(* If two topological large scale spaces $X$ and $Y$ are coarsely equivalent, then $\mathrm{Ends}(X)$ is homeomorphic to $\mathrm{Ends}(Y)$.
   Context: A large scale space is a set $X$ with a family $\mathbb{LSS}$ of covers (uniformly bounded covers) such that $st(\mathcal U,\mathcal V)\in\mathbb{LSS}$ whenever $\mathcal U,\mathcal V\in\mathbb{LSS}$, and any cover each of whose elements lies in some element of a member of $\mathbb{LSS}$ is in $\mathbb{LSS}$; here $st(x,\mathcal U)$ is the union of elements of $\mathcal U$ containing $x$, $st(A,\mathcal U)=\bigcup_{x\in A}st(x,\mathcal U)$, $st(\mathcal U,\mathcal V)=\{st(A,\mathcal V):A\in\mathcal U\}$. Bounded sets are subsets of elements of uniformly bounded covers; the union of two bounded sets is assumed bounded. $A$ is coarsely clopen if $st(A,\mathcal U)\cap st(X\setminus A,\mathcal U)$ is bounded for every uniformly bounded $\mathcal U$. An end is a family of unbounded coarsely clopen sets maximal with respect to all finite intersections being unbounded; $\mathrm{Ends}(X)$ is the set of ends. A topological large scale space additionally has a topology for which some uniformly bounded cover consists of open sets; $\mathrm{Ends}(X)$ is topologized by the basis $U_{end}=\{E\in\mathrm{Ends}(X):U\in E\}$, $U$ ranging over open coarsely clopen subsets of $X$. For maps $\varphi,\varphi':X\to Y$ of large scale spaces: they are close if there is a uniformly bounded cover $\mathcal U$ of $Y$ with $\varphi(x)\in st(\varphi'(x),\mathcal U)$ for all $x$; $\varphi$ is coarse if preimages of bounded sets are bounded; $\varphi$ is large scale continuous if for every uniformly bounded cover $\mathcal U$ of $X$ the family $\varphi(\mathcal U)$ refines a uniformly bounded cover of $Y$. $\varphi$ is a coarse equivalence if it is coarse and large scale continuous and there is a coarse large scale continuous $\psi:Y\to X$ with $\psi\circ\varphi$ close to $\mathrm{id}_X$ and $\varphi\circ\psi$ close to $\mathrm{id}_Y$; $X,Y$ are then coarsely equivalent. *)

theory Defs
  imports "HOL-Analysis.Analysis"
begin

definition is_cover :: "'a set \<Rightarrow> 'a set set \<Rightarrow> bool" where
  "is_cover X C \<longleftrightarrow> C \<subseteq> Pow X \<and> \<Union>C = X"

definition st_pt :: "'a \<Rightarrow> 'a set set \<Rightarrow> 'a set" where
  "st_pt x U = \<Union>{A \<in> U. x \<in> A}"

definition st_set :: "'a set \<Rightarrow> 'a set set \<Rightarrow> 'a set" where
  "st_set A U = (\<Union>x\<in>A. st_pt x U)"

definition st_cov :: "'a set set \<Rightarrow> 'a set set \<Rightarrow> 'a set set" where
  "st_cov U V = {st_set A V | A. A \<in> U}"

text \<open>Bounded sets: subsets of elements of uniformly bounded covers.\<close>
definition ls_bounded :: "'a set set set \<Rightarrow> 'a set \<Rightarrow> bool" where
  "ls_bounded L B \<longleftrightarrow> (\<exists>U\<in>L. \<exists>A\<in>U. B \<subseteq> A)"

definition large_scale_space :: "'a set \<Rightarrow> 'a set set set \<Rightarrow> bool" where
  "large_scale_space X L \<longleftrightarrow>
     (\<forall>U\<in>L. is_cover X U) \<and>
     (\<forall>U\<in>L. \<forall>V\<in>L. st_cov U V \<in> L) \<and>
     (\<forall>C. is_cover X C \<and> (\<forall>A\<in>C. \<exists>U\<in>L. \<exists>B\<in>U. A \<subseteq> B) \<longrightarrow> C \<in> L) \<and>
     (\<forall>A B. ls_bounded L A \<and> ls_bounded L B \<longrightarrow> ls_bounded L (A \<union> B))"

definition topological_large_scale_space :: "'a topology \<Rightarrow> 'a set set set \<Rightarrow> bool" where
  "topological_large_scale_space T L \<longleftrightarrow>
     large_scale_space (topspace T) L \<and> (\<exists>U\<in>L. \<forall>A\<in>U. openin T A)"

definition coarsely_clopen :: "'a set \<Rightarrow> 'a set set set \<Rightarrow> 'a set \<Rightarrow> bool" where
  "coarsely_clopen X L A \<longleftrightarrow> A \<subseteq> X \<and>
     (\<forall>U\<in>L. ls_bounded L (st_set A U \<inter> st_set (X - A) U))"

definition fin_unbounded_family :: "'a set \<Rightarrow> 'a set set set \<Rightarrow> 'a set set \<Rightarrow> bool" where
  "fin_unbounded_family X L E \<longleftrightarrow>
     (\<forall>A\<in>E. coarsely_clopen X L A \<and> \<not> ls_bounded L A) \<and>
     (\<forall>F. F \<subseteq> E \<and> finite F \<and> F \<noteq> {} \<longrightarrow> \<not> ls_bounded L (\<Inter>F))"

definition is_end :: "'a set \<Rightarrow> 'a set set set \<Rightarrow> 'a set set \<Rightarrow> bool" where
  "is_end X L E \<longleftrightarrow> fin_unbounded_family X L E \<and>
     (\<forall>E'. fin_unbounded_family X L E' \<and> E \<subseteq> E' \<longrightarrow> E' = E)"

definition Ends :: "'a set \<Rightarrow> 'a set set set \<Rightarrow> 'a set set set" where
  "Ends X L = {E. is_end X L E}"

definition ends_topology :: "'a topology \<Rightarrow> 'a set set set \<Rightarrow> 'a set set topology" where
  "ends_topology T L =
     subtopology
       (topology_generated_by
          {{E \<in> Ends (topspace T) L. U \<in> E} | U. openin T U \<and> coarsely_clopen (topspace T) L U})
       (Ends (topspace T) L)"

definition maps_close :: "'a set \<Rightarrow> 'b set set set \<Rightarrow> ('a \<Rightarrow> 'b) \<Rightarrow> ('a \<Rightarrow> 'b) \<Rightarrow> bool" where
  "maps_close X LY f g \<longleftrightarrow> (\<exists>U\<in>LY. \<forall>x\<in>X. f x \<in> st_pt (g x) U)"

definition coarse_map :: "'a set \<Rightarrow> 'a set set set \<Rightarrow> 'b set \<Rightarrow> 'b set set set \<Rightarrow> ('a \<Rightarrow> 'b) \<Rightarrow> bool" where
  "coarse_map X LX Y LY f \<longleftrightarrow> (\<forall>B. ls_bounded LY B \<longrightarrow> ls_bounded LX (X \<inter> f -` B))"

definition ls_continuous :: "'a set set set \<Rightarrow> 'b set set set \<Rightarrow> ('a \<Rightarrow> 'b) \<Rightarrow> bool" where
  "ls_continuous LX LY f \<longleftrightarrow> (\<forall>U\<in>LX. \<exists>V\<in>LY. \<forall>A\<in>U. \<exists>B\<in>V. f ` A \<subseteq> B)"

definition coarse_equivalence ::
  "'a set \<Rightarrow> 'a set set set \<Rightarrow> 'b set \<Rightarrow> 'b set set set \<Rightarrow> ('a \<Rightarrow> 'b) \<Rightarrow> bool" where
  "coarse_equivalence X LX Y LY f \<longleftrightarrow>
     f ` X \<subseteq> Y \<and> coarse_map X LX Y LY f \<and> ls_continuous LX LY f \<and>
     (\<exists>g. g ` Y \<subseteq> X \<and> coarse_map Y LY X LX g \<and> ls_continuous LY LX g \<and>
          maps_close X LX (g \<circ> f) id \<and> maps_close Y LY (f \<circ> g) id)"

definition coarsely_equivalent ::
  "'a set \<Rightarrow> 'a set set set \<Rightarrow> 'b set \<Rightarrow> 'b set set set \<Rightarrow> bool" where
  "coarsely_equivalent X LX Y LY \<longleftrightarrow> (\<exists>f. coarse_equivalence X LX Y LY f)"

end

theory Submission
  imports Defs
begin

» **Your goal**
Could you repeat exactly the lines in the listing above from the one with "(\<forall>U\<in>L. is_cover X U) \<and>" down to the one with "(\<forall>A\<in>E. coarsely_clopen X"? Include both of those lines.

» **Finished exercise**
     (\<forall>U\<in>L. is_cover X U) \<and>
     (\<forall>U\<in>L. \<forall>V\<in>L. st_cov U V \<in> L) \<and>
     (\<forall>C. is_cover X C \<and> (\<forall>A\<in>C. \<exists>U\<in>L. \<exists>B\<in>U. A \<subseteq> B) \<longrightarrow> C \<in> L) \<and>
     (\<forall>A B. ls_bounded L A \<and> ls_bounded L B \<longrightarrow> ls_bounded L (A \<union> B))"

definition topological_large_scale_space :: "'a topology \<Rightarrow> 'a set set set \<Rightarrow> bool" where
  "topological_large_scale_space T L \<longleftrightarrow>
     large_scale_space (topspace T) L \<and> (\<exists>U\<in>L. \<forall>A\<in>U. openin T A)"

definition coarsely_clopen :: "'a set \<Rightarrow> 'a set set set \<Rightarrow> 'a set \<Rightarrow> bool" where
  "coarsely_clopen X L A \<longleftrightarrow> A \<subseteq> X \<and>
     (\<forall>U\<in>L. ls_bounded L (st_set A U \<inter> st_set (X - A) U))"

definition fin_unbounded_family :: "'a set \<Rightarrow> 'a set set set \<Rightarrow> 'a set set \<Rightarrow> bool" where
  "fin_unbounded_family X L E \<longleftrightarrow>
     (\<forall>A\<in>E. coarsely_clopen X L A \<and> \<not> ls_bounded L A) \<and>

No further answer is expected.